= WHAT THIS TASK INVOLVES =
Once you find a line containing the word "impI" in the entries below, copy it.

(STUDY MATERIAL)

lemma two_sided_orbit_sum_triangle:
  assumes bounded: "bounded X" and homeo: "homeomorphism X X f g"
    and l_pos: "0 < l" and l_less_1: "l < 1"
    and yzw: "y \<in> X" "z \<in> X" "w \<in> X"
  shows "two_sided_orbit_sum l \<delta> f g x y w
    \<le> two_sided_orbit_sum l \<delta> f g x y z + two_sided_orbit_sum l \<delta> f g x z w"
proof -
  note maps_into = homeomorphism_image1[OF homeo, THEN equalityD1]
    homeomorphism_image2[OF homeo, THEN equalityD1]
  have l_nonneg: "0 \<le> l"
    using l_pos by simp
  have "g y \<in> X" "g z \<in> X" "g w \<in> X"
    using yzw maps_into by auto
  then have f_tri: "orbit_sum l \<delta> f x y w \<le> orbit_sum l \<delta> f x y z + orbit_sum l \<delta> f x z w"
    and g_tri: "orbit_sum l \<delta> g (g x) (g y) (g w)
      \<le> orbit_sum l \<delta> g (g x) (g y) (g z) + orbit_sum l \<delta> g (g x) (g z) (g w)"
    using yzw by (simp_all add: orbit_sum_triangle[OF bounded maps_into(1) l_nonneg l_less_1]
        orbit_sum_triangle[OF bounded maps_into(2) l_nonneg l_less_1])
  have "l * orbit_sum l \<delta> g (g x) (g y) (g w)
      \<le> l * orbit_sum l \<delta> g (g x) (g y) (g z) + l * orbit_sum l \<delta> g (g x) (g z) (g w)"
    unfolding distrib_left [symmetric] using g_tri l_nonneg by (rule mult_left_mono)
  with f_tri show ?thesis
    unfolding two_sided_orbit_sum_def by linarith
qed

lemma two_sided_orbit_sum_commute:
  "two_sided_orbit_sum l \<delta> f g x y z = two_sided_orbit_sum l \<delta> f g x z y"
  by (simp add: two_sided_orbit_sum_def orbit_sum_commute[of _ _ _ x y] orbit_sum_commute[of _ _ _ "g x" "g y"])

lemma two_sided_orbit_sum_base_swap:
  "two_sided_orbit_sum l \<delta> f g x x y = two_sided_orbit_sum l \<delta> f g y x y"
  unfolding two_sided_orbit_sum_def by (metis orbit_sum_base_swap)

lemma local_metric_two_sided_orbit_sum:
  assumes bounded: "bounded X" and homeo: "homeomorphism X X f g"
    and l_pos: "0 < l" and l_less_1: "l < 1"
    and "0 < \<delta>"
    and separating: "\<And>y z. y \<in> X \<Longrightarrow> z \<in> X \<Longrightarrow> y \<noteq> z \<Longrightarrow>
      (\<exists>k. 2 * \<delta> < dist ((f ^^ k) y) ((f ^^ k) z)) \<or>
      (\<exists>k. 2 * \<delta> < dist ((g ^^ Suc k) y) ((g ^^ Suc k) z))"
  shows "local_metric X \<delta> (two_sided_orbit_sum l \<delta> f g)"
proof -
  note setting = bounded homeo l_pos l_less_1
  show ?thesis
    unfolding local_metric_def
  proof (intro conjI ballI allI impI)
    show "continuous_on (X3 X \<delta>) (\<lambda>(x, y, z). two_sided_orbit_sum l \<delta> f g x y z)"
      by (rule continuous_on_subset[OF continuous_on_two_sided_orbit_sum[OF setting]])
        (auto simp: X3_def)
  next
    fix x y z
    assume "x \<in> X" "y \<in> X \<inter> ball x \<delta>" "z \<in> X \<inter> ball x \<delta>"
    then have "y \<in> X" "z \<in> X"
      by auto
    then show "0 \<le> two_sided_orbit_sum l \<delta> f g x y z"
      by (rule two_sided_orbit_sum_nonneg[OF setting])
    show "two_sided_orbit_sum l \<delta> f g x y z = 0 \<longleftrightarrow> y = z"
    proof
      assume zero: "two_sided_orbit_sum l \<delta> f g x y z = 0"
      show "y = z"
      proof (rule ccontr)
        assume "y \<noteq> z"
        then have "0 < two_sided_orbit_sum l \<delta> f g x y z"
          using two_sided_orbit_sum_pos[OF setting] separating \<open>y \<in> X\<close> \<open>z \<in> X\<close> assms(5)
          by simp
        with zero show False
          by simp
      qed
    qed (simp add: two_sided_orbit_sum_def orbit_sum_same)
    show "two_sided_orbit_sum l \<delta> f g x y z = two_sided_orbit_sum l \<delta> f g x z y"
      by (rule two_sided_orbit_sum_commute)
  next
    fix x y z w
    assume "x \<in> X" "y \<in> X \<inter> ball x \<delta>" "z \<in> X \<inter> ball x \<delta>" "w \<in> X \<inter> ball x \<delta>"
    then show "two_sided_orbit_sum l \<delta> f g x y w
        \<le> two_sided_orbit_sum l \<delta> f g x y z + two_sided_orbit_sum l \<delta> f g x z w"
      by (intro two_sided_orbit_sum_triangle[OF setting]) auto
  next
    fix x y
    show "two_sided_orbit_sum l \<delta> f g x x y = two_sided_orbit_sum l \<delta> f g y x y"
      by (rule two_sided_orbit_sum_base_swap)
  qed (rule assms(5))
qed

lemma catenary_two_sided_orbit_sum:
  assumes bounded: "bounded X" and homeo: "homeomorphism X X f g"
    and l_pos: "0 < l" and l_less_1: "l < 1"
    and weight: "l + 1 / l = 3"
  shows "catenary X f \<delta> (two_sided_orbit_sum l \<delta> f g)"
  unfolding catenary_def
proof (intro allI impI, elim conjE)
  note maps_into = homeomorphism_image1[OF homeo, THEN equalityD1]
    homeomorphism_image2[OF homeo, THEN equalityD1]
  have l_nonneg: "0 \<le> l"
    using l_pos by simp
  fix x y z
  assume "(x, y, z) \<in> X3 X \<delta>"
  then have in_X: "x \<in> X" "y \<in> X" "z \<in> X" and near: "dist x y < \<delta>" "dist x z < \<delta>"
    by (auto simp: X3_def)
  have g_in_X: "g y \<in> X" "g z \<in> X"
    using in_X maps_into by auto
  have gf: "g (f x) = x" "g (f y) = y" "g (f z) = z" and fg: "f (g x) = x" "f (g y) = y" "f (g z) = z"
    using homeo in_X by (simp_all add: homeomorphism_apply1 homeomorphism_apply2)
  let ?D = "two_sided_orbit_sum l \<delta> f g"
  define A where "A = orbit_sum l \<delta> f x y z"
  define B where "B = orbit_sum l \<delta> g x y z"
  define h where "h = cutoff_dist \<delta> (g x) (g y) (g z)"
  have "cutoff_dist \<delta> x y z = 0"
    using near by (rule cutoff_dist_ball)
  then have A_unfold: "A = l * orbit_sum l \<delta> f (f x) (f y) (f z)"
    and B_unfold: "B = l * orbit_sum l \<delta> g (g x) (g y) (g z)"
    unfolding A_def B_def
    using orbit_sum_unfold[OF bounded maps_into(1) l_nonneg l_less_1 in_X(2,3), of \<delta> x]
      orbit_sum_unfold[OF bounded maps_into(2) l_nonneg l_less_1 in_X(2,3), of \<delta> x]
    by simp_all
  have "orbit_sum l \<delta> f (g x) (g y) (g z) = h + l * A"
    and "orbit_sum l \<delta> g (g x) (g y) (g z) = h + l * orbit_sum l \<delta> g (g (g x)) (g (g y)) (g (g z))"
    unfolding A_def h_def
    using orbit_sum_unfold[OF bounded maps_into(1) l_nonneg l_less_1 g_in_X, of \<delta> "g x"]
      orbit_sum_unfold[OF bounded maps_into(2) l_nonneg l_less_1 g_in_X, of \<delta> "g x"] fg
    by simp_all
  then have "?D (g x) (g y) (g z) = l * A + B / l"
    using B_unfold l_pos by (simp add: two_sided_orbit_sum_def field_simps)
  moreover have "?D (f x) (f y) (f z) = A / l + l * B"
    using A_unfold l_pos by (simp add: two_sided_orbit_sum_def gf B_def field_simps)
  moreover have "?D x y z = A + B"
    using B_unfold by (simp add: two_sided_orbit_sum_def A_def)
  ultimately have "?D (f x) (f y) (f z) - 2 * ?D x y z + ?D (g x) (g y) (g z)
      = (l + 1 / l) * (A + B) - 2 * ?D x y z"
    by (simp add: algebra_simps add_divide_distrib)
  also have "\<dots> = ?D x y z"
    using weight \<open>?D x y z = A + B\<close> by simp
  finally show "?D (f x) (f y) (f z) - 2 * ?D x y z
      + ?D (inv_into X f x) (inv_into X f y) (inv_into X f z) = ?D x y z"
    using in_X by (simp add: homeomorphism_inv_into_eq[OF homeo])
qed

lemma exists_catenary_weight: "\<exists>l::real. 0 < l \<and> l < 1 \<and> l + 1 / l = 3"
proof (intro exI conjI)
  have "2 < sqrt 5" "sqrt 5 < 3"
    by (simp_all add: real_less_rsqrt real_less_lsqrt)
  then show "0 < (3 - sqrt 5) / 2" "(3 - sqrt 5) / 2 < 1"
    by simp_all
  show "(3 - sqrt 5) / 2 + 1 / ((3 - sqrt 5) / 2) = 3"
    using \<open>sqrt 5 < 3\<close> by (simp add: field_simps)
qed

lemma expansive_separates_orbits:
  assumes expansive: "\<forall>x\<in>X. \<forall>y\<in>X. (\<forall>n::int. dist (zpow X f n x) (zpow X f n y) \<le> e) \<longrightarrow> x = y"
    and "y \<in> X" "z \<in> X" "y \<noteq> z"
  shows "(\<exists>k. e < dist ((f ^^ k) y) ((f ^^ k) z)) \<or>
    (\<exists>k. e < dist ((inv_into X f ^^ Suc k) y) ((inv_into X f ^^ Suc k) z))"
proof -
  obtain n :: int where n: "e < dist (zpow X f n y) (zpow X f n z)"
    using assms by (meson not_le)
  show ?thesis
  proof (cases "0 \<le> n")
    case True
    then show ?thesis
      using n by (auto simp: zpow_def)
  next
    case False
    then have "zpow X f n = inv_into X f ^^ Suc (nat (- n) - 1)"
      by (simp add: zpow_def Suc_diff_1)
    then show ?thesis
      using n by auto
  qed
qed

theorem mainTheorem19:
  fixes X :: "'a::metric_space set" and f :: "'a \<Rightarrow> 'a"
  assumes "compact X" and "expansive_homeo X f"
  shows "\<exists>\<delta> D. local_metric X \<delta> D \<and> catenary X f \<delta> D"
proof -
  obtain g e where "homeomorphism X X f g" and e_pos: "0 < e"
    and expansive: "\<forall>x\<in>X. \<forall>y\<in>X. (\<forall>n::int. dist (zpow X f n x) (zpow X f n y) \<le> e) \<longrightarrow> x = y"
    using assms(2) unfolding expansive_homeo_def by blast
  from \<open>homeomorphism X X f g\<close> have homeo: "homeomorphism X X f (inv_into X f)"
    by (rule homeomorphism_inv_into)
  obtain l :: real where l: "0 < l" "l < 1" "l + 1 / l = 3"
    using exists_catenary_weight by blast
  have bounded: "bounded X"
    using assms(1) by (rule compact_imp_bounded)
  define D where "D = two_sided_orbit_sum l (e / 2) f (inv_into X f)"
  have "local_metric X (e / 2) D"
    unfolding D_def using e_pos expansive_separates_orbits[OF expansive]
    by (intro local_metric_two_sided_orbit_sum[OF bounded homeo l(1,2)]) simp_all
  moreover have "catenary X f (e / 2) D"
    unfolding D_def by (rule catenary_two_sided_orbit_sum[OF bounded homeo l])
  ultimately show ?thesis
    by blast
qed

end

(End STUDY MATERIAL)

= ANSWER TO THIS TASK =
  proof (intro conjI ballI allI impI)
proof (intro allI impI, elim conjE)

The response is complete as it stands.